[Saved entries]
┄┄┄┄┄┄┄┄┄┄┄┄┄┄┄┄┄┄┄┄

lemma pos_list_eq_if_psum_set_eq:
  assumes "\<forall>v\<in>set xs. v > 0" "\<forall>v\<in>set ys. v > 0" "psum_set xs = psum_set ys"
  shows "xs = ys"
  using assms
proof (induction xs arbitrary: ys)
  case Nil
  show ?case
  proof (cases ys)
    case (Cons y ys')
    have "y \<in> psum_set []" using Nil.prems(3) Cons psum_in_psum_set[of ys 1] by simp
    then show ?thesis using Nil.prems(2) Cons by (simp add: psum_set_Nil)
  qed simp
next
  case (Cons x xs')
  obtain y ys' where ys: "ys = y # ys'"
  proof (cases ys)
    case Nil
    have "x \<in> psum_set (x # xs')" using psum_in_psum_set[of "x # xs'" 1] by simp
    then show ?thesis using Cons.prems(1,3) Nil by (simp add: psum_set_Nil)
  qed
  have pos: "x > 0" "y > 0" using Cons.prems(1,2) ys by auto
  have eq: "insert 0 ((+) x ` psum_set xs') = insert 0 ((+) y ` psum_set ys')"
    using Cons.prems(3) ys by (simp add: psum_set_Cons)
  \<comment> \<open>the first entry is the least nonzero partial sum\<close>
  have least: "z \<le> v" if "v \<in> insert 0 ((+) z ` S)" "v \<noteq> 0" for v z :: nat and S
    using that by auto
  have x_in: "x \<in> insert 0 ((+) x ` psum_set xs')" and y_in: "y \<in> insert 0 ((+) y ` psum_set ys')"
    by (metis add_0_right imageI insertI2 zero_in_psum_set)+
  have "y \<le> x" using least[of x y "psum_set ys'"] x_in eq pos by simp
  moreover have "x \<le> y" using least[of y x "psum_set xs'"] y_in eq pos by simp
  ultimately have xy: "x = y" by simp
  have "(+) x ` psum_set xs' = insert 0 ((+) x ` psum_set xs') - {0}" using pos(1) by auto
  also have "\<dots> = insert 0 ((+) x ` psum_set ys') - {0}" using eq xy by simp
  also have "\<dots> = (+) x ` psum_set ys'" using pos(1) by auto
  finally have "(+) x ` psum_set xs' = (+) x ` psum_set ys'" .
  then have "psum_set xs' = psum_set ys'" by (simp add: inj_image_eq_iff)
  then have "xs' = ys'" using Cons.IH[of ys'] Cons.prems(1,2) ys by simp
  then show ?case using ys xy by simp
qed

lemma flat_eq_iff_psum_set_eq: "flat x = flat y \<longleftrightarrow> psum_set x = psum_set y"
  using pos_list_eq_if_psum_set_eq[of "flat x" "flat y"] in_set_flat_pos by (metis psum_set_flat)

lemma refines_imp_psum_set_subset:
  assumes "refines ys xs"
  shows "sum_list ys = sum_list xs \<and> psum_set xs \<subseteq> psum_set ys"
proof -
  obtain ls where ls: "concat ls = ys" "map sum_list ls = xs"
    using assms unfolding refines_def by blast
  have "sum_list (concat ls) = sum_list (map sum_list ls) \<and>
        psum_set (map sum_list ls) \<subseteq> psum_set (concat ls)"
  proof (induction ls)
    case (Cons l ls)
    have "psum_set (map sum_list (l # ls)) = insert 0 ((+) (sum_list l) ` psum_set (map sum_list ls))"
      by (simp add: psum_set_Cons)
    also have "\<dots> \<subseteq> insert 0 ((+) (sum_list l) ` psum_set (concat ls))" using Cons by auto
    also have "\<dots> \<subseteq> psum_set (l @ concat ls)" using psum_set_append[of l "concat ls"] by simp
    finally show ?case using Cons by simp
  qed simp
  then show ?thesis using ls by simp
qed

┄┄┄┄┄┄┄┄┄┄┄┄┄┄┄┄┄┄┄┄

• [What you have to do] Retype the first line of the entries and every line after it, please, through the line that contains "psum_set xs' = (+)". Add nothing.

• [Task output]
lemma pos_list_eq_if_psum_set_eq:
  assumes "\<forall>v\<in>set xs. v > 0" "\<forall>v\<in>set ys. v > 0" "psum_set xs = psum_set ys"
  shows "xs = ys"
  using assms
proof (induction xs arbitrary: ys)
  case Nil
  show ?case
  proof (cases ys)
    case (Cons y ys')
    have "y \<in> psum_set []" using Nil.prems(3) Cons psum_in_psum_set[of ys 1] by simp
    then show ?thesis using Nil.prems(2) Cons by (simp add: psum_set_Nil)
  qed simp
next
  case (Cons x xs')
  obtain y ys' where ys: "ys = y # ys'"
  proof (cases ys)
    case Nil
    have "x \<in> psum_set (x # xs')" using psum_in_psum_set[of "x # xs'" 1] by simp
    then show ?thesis using Cons.prems(1,3) Nil by (simp add: psum_set_Nil)
  qed
  have pos: "x > 0" "y > 0" using Cons.prems(1,2) ys by auto
  have eq: "insert 0 ((+) x ` psum_set xs') = insert 0 ((+) y ` psum_set ys')"
    using Cons.prems(3) ys by (simp add: psum_set_Cons)
  \<comment> \<open>the first entry is the least nonzero partial sum\<close>
  have least: "z \<le> v" if "v \<in> insert 0 ((+) z ` S)" "v \<noteq> 0" for v z :: nat and S
    using that by auto
  have x_in: "x \<in> insert 0 ((+) x ` psum_set xs')" and y_in: "y \<in> insert 0 ((+) y ` psum_set ys')"
    by (metis add_0_right imageI insertI2 zero_in_psum_set)+
  have "y \<le> x" using least[of x y "psum_set ys'"] x_in eq pos by simp
  moreover have "x \<le> y" using least[of y x "psum_set xs'"] y_in eq pos by simp
  ultimately have xy: "x = y" by simp
  have "(+) x ` psum_set xs' = insert 0 ((+) x ` psum_set xs') - {0}" using pos(1) by auto
  also have "\<dots> = insert 0 ((+) x ` psum_set ys') - {0}" using eq xy by simp
  also have "\<dots> = (+) x ` psum_set ys'" using pos(1) by auto
  finally have "(+) x ` psum_set xs' = (+) x ` psum_set ys'" .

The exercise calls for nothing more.